Ir al contenido principal

La luz y la oscuridad


Se va sin irse, como si estuviera en permanente arrepentimiento.

Va y viene con esa sensación de no saber exactamente a donde apunta.
Quizás es uno quien debe saber dónde pararse y no caer en esa calesita que se parece al perro que quiere morderse la cola.

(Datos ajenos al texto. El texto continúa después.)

lemma shear_shear: "shear mu M t (shear mu M t x) = x"
proof (rule nth_equalityI)
  fix p assume "p < length (shear mu M t (shear mu M t x))"
  then have p: "p < length x" by simp
  have "mu \<le> p \<Longrightarrow> row_parity mu M (shear mu M t x) (p - mu) = row_parity mu M x (p - mu)"
    using p by (intro row_parity_shear) simp
  then show "shear mu M t (shear mu M t x) ! p = x ! p"
    using p by (auto simp: nth_shear)
qed simp

lemma shear_image_pts: "shear mu M t ` pts m = pts m"
proof
  show "pts m \<subseteq> shear mu M t ` pts m"
  proof
    fix x assume "x \<in> pts m"
    then have "shear mu M t x \<in> pts m" by (simp add: pts_def)
    then show "x \<in> shear mu M t ` pts m" by (rule rev_image_eqI) (simp add: shear_shear)
  qed
qed (auto simp: pts_def)

lemma not_row_parity: "(\<And>i. i < mu \<Longrightarrow> \<not> x ! i) \<Longrightarrow> \<not> row_parity mu M x j"
proof -
  assume "\<And>i. i < mu \<Longrightarrow> \<not> x ! i"
  then have "{i. i < mu \<and> M j i \<and> x ! i} = {}" by auto
  then show ?thesis unfolding row_parity_def by (simp only:) simp
qed

lemma shear_replicate_False: "shear mu M t (replicate n False) = replicate n False"
proof (rule nth_equalityI)
  fix p assume "p < length (shear mu M t (replicate n False))"
  then have "p < n" by simp
  then have "mu \<le> p \<Longrightarrow> \<not> row_parity mu M (replicate n False) j" for j
    by (intro not_row_parity) simp
  then show "shear mu M t (replicate n False) ! p = replicate n False ! p"
    using \<open>p < n\<close> by (simp add: nth_shear)
qed simp

lemma RM_comp_shear:
  assumes "mu + t \<le> m" "f \<in> RM m r"
  shows "f \<circ> shear mu M t \<in> RM m r"
  using assms
proof (induction t arbitrary: f)
  case 0
  then show ?case by (simp add: comp_def)
next
  case (Suc t)
  have step: "f \<circ> xor_update (mu + t) {i. i < mu \<and> M t i} \<in> RM m r"
    using Suc.prems by (intro RM_comp_xor_update) auto
  have "(f \<circ> xor_update (mu + t) {i. i < mu \<and> M t i}) \<circ> shear mu M t \<in> RM m r"
    by (rule Suc.IH) (use Suc.prems(1) step in \<open>auto simp: comp_def\<close>)
  then show ?case by (simp add: comp_def)
qed

section \<open>Bit-MAP decoding\<close>

lemma finite_pts: "finite (pts m)"
  using finite_lists_length_eq[of "UNIV :: bool set" m] by (simp add: pts_def)

lemma card_pts: "card (pts m) = 2 ^ m"
  using card_lists_length_eq[of "UNIV :: bool set" m] by (simp add: pts_def)

lemma zero_pt_in_pts: "zero_pt m \<in> pts m"
  by (simp add: zero_pt_def pts_def)

lemma words_eq_patterns: "words m = patterns (pts m)"
  by (simp add: words_def patterns_def)

lemma noise_w_eq_pattern_prob: "noise_w m eps z = pattern_prob eps (pts m) z"
  by (simp add: noise_w_def pattern_prob_def flip_prob_def)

Muchas veces intentar ver en perspectiva ayuda para entender ciertas situaciones. La cuestión es hacerse cargo de lo que sale a la luz, comprenderlo y obrar en consecuencia.
Hay ciertas obras teatrales que suelen ser curiosas porque con leer el título uno se imagina el desarrollo. Y cuando se corrió el telón de este teatro, la obra fue casi exactamente como lo imaginaba, casi tal cual como parecía.

Quien la escribió negaba que fuera de esta manera, tal como se defienden los autores que escriben cosas obvias, pero como sucede en la vida cotidiana, uno es lo que hace y no lo que dice y la obra reprodujo tal cual lo que el título insinuaba. Vaya uno a saber el porqué de ciertas negativas a lo obvio. Negar la realidad, para muchos, es un buen camino.
Y por qué no, negar hasta lo dicho puede ser un camino que utilizó de manera hasta desopilante.

La cuestión es lo que sucede cuando finaliza la obra, ves que era lo que realmente imaginabas y te quedas pensando en la misma. ¿Que decidir? ¿Cómo actuar? ‘ ¿Cómo seguir?

Cosas que salen a la luz cuando las querían mantener en la oscuridad; vaya uno a saber por qué. ¿Cuál es el sentido? ¿Qué se busca lograr?

Siempre es mejor la luz que la oscuridad. Y efectivamente, como era de esperar, la luz revelo lo que la oscuridad quería ocultar.